• [YOUR OBJECTIVE] Transcribe word for word the lines below from the line with "(real \<Rightarrow> 'a)" through the line with "(\<forall>y. solution_on F", ends included.

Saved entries
──────
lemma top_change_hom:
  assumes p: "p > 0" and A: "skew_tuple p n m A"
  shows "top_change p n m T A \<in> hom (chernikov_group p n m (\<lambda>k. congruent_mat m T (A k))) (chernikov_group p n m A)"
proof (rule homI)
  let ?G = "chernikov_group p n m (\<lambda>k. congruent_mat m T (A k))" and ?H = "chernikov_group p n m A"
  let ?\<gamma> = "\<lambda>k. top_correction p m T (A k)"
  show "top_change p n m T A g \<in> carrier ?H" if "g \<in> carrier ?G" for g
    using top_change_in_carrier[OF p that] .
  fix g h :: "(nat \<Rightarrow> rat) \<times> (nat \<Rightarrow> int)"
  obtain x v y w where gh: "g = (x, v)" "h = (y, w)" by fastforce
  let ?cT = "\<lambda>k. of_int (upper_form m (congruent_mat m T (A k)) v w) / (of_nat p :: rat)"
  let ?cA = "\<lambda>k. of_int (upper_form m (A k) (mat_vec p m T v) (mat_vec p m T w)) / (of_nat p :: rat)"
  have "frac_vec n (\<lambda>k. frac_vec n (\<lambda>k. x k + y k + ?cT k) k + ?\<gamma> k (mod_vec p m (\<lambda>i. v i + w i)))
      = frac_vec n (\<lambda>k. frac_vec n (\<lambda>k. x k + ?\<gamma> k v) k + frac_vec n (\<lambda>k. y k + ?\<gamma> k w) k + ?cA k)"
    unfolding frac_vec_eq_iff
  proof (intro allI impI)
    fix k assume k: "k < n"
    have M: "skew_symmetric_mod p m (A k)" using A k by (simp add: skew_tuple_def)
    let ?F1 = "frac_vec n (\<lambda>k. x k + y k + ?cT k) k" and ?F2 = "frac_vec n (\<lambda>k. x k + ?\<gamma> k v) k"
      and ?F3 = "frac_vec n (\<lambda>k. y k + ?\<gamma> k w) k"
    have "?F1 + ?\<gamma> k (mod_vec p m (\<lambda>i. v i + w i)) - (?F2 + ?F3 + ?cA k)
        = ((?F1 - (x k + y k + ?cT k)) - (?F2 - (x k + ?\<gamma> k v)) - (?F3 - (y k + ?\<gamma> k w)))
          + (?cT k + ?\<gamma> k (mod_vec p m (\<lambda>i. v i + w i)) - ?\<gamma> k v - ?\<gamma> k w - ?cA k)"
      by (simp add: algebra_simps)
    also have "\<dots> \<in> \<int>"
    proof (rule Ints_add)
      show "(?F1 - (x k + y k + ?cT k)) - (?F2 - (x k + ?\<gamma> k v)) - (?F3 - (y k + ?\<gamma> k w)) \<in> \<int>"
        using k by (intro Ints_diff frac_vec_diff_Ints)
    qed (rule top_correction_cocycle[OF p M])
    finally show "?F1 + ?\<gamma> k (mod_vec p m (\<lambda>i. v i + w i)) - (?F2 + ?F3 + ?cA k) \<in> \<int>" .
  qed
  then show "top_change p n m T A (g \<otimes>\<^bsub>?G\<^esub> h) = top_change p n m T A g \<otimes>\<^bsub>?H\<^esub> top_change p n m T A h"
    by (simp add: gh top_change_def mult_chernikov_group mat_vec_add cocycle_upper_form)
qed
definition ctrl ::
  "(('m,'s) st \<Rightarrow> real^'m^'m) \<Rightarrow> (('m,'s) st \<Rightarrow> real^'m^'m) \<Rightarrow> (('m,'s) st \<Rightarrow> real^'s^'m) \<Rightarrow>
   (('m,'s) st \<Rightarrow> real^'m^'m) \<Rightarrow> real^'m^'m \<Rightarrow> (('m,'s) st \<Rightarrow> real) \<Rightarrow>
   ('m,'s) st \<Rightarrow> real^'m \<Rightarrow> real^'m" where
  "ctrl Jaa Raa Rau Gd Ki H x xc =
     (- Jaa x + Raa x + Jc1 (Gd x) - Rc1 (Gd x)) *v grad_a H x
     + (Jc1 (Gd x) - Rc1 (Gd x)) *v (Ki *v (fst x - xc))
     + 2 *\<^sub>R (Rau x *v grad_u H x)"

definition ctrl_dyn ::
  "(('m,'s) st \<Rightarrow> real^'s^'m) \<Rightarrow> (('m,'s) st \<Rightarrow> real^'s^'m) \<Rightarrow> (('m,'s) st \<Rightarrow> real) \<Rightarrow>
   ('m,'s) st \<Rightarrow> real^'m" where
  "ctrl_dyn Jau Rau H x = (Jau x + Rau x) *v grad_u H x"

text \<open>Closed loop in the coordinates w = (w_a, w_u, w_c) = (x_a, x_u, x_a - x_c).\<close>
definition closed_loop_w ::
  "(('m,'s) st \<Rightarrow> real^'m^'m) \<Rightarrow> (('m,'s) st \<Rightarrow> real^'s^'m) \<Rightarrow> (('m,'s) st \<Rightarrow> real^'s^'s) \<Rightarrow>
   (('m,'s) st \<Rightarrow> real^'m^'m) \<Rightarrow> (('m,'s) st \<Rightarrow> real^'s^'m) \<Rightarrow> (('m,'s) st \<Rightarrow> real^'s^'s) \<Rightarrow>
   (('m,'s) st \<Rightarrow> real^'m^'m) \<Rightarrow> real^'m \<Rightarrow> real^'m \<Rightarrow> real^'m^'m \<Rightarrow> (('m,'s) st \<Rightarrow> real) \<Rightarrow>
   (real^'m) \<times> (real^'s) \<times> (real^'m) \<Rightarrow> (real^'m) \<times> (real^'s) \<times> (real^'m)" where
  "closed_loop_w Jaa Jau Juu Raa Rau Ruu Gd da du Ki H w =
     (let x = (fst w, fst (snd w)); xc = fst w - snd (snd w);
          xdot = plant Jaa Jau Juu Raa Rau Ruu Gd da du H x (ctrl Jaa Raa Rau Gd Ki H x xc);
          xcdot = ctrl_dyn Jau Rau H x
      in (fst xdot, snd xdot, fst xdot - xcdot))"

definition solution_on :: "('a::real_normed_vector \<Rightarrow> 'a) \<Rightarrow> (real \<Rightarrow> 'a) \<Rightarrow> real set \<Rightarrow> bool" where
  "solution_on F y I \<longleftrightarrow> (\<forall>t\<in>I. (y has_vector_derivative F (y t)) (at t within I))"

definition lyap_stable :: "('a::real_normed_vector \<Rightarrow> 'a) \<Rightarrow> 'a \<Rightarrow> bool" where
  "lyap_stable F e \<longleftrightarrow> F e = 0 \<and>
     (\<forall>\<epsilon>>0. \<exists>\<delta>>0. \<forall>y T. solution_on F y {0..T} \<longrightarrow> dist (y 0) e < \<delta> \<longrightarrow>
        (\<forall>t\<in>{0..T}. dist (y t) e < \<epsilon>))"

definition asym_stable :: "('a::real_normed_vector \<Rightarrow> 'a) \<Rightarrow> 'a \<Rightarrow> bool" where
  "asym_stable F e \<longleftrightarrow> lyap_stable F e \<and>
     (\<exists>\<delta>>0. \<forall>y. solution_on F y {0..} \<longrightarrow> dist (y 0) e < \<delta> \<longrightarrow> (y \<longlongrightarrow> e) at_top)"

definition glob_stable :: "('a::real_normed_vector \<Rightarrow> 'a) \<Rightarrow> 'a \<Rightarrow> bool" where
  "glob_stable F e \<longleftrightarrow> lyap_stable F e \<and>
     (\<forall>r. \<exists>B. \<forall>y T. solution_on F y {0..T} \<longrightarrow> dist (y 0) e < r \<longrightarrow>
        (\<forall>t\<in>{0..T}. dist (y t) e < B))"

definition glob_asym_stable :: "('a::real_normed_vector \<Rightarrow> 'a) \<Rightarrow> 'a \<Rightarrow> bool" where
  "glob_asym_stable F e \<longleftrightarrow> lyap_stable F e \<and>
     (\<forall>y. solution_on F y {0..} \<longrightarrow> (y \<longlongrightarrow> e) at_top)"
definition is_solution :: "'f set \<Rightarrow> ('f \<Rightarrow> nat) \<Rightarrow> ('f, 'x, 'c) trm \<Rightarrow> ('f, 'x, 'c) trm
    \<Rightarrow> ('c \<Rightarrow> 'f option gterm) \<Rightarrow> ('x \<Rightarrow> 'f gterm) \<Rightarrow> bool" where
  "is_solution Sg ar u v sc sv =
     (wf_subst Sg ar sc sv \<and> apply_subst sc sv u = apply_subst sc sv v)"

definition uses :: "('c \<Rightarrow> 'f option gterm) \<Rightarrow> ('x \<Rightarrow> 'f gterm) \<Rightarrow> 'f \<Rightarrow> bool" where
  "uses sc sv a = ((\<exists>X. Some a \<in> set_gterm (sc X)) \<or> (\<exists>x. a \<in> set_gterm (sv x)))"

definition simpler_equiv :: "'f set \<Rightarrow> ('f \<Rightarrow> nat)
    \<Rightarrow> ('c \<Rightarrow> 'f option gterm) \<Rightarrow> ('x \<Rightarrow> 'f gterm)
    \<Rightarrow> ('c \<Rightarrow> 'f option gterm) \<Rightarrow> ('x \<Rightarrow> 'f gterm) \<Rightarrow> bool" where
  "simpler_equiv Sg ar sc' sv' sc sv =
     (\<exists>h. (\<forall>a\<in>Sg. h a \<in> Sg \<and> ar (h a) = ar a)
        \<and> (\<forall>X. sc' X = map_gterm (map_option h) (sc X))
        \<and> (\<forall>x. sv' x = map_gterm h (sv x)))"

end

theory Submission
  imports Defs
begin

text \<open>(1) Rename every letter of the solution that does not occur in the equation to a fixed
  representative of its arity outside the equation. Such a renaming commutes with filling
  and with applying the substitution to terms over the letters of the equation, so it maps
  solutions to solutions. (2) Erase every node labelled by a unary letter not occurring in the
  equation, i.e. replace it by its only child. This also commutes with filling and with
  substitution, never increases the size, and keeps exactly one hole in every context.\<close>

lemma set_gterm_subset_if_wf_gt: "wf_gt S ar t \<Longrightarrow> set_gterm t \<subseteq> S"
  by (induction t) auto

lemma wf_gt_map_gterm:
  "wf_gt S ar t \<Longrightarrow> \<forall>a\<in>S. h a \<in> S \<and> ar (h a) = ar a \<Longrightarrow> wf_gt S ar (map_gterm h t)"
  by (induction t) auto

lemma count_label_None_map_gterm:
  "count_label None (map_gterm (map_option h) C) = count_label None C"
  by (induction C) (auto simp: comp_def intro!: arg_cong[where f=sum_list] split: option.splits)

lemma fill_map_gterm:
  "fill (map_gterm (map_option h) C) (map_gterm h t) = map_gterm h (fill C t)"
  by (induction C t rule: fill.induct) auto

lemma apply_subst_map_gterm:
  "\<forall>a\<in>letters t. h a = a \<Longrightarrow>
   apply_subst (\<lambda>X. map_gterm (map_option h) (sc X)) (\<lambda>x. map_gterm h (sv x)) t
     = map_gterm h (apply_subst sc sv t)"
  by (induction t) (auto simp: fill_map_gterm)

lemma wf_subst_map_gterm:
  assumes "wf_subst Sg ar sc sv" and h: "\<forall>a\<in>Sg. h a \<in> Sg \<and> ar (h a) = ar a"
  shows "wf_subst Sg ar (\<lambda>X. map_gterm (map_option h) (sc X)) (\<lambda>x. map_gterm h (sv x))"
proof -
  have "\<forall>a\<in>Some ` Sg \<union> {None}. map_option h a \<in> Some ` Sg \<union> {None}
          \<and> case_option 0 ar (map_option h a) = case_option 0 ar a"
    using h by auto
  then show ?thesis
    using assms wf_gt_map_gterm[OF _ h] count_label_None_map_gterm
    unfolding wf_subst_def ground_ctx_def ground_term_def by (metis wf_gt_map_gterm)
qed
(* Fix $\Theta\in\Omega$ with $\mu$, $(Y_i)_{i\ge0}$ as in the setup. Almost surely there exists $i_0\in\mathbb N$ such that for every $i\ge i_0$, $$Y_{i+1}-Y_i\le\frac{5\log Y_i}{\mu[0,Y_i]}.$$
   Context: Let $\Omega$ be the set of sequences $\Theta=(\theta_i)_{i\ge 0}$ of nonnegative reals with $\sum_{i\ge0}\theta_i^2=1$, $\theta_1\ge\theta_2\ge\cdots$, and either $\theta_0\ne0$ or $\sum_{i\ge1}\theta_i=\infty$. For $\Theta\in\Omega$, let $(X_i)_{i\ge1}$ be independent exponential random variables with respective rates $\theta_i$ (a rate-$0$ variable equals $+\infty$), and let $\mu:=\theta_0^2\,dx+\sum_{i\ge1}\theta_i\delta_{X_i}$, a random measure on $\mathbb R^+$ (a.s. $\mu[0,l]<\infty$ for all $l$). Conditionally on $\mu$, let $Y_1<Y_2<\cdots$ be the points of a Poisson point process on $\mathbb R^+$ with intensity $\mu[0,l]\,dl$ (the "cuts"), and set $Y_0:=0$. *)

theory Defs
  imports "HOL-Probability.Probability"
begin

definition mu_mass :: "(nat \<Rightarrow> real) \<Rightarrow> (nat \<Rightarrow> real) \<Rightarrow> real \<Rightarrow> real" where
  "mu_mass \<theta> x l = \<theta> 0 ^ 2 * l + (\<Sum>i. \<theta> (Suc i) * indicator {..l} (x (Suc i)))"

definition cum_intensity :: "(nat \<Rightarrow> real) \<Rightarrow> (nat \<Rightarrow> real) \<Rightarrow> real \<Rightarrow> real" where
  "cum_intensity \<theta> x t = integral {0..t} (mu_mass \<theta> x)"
──────
• [RESPONSE AREA]
definition solution_on :: "('a::real_normed_vector \<Rightarrow> 'a) \<Rightarrow> (real \<Rightarrow> 'a) \<Rightarrow> real set \<Rightarrow> bool" where
  "solution_on F y I \<longleftrightarrow> (\<forall>t\<in>I. (y has_vector_derivative F (y t)) (at t within I))"

definition lyap_stable :: "('a::real_normed_vector \<Rightarrow> 'a) \<Rightarrow> 'a \<Rightarrow> bool" where
  "lyap_stable F e \<longleftrightarrow> F e = 0 \<and>
     (\<forall>\<epsilon>>0. \<exists>\<delta>>0. \<forall>y T. solution_on F y {0..T} \<longrightarrow> dist (y 0) e < \<delta> \<longrightarrow>
        (\<forall>t\<in>{0..T}. dist (y t) e < \<epsilon>))"

definition asym_stable :: "('a::real_normed_vector \<Rightarrow> 'a) \<Rightarrow> 'a \<Rightarrow> bool" where
  "asym_stable F e \<longleftrightarrow> lyap_stable F e \<and>
     (\<exists>\<delta>>0. \<forall>y. solution_on F y {0..} \<longrightarrow> dist (y 0) e < \<delta> \<longrightarrow> (y \<longlongrightarrow> e) at_top)"

definition glob_stable :: "('a::real_normed_vector \<Rightarrow> 'a) \<Rightarrow> 'a \<Rightarrow> bool" where
  "glob_stable F e \<longleftrightarrow> lyap_stable F e \<and>
     (\<forall>r. \<exists>B. \<forall>y T. solution_on F y {0..T} \<longrightarrow> dist (y 0) e < r \<longrightarrow>
        (\<forall>t\<in>{0..T}. dist (y t) e < B))"

definition glob_asym_stable :: "('a::real_normed_vector \<Rightarrow> 'a) \<Rightarrow> 'a \<Rightarrow> bool" where
  "glob_asym_stable F e \<longleftrightarrow> lyap_stable F e \<and>
     (\<forall>y. solution_on F y {0..} \<longrightarrow> (y \<longlongrightarrow> e) at_top)"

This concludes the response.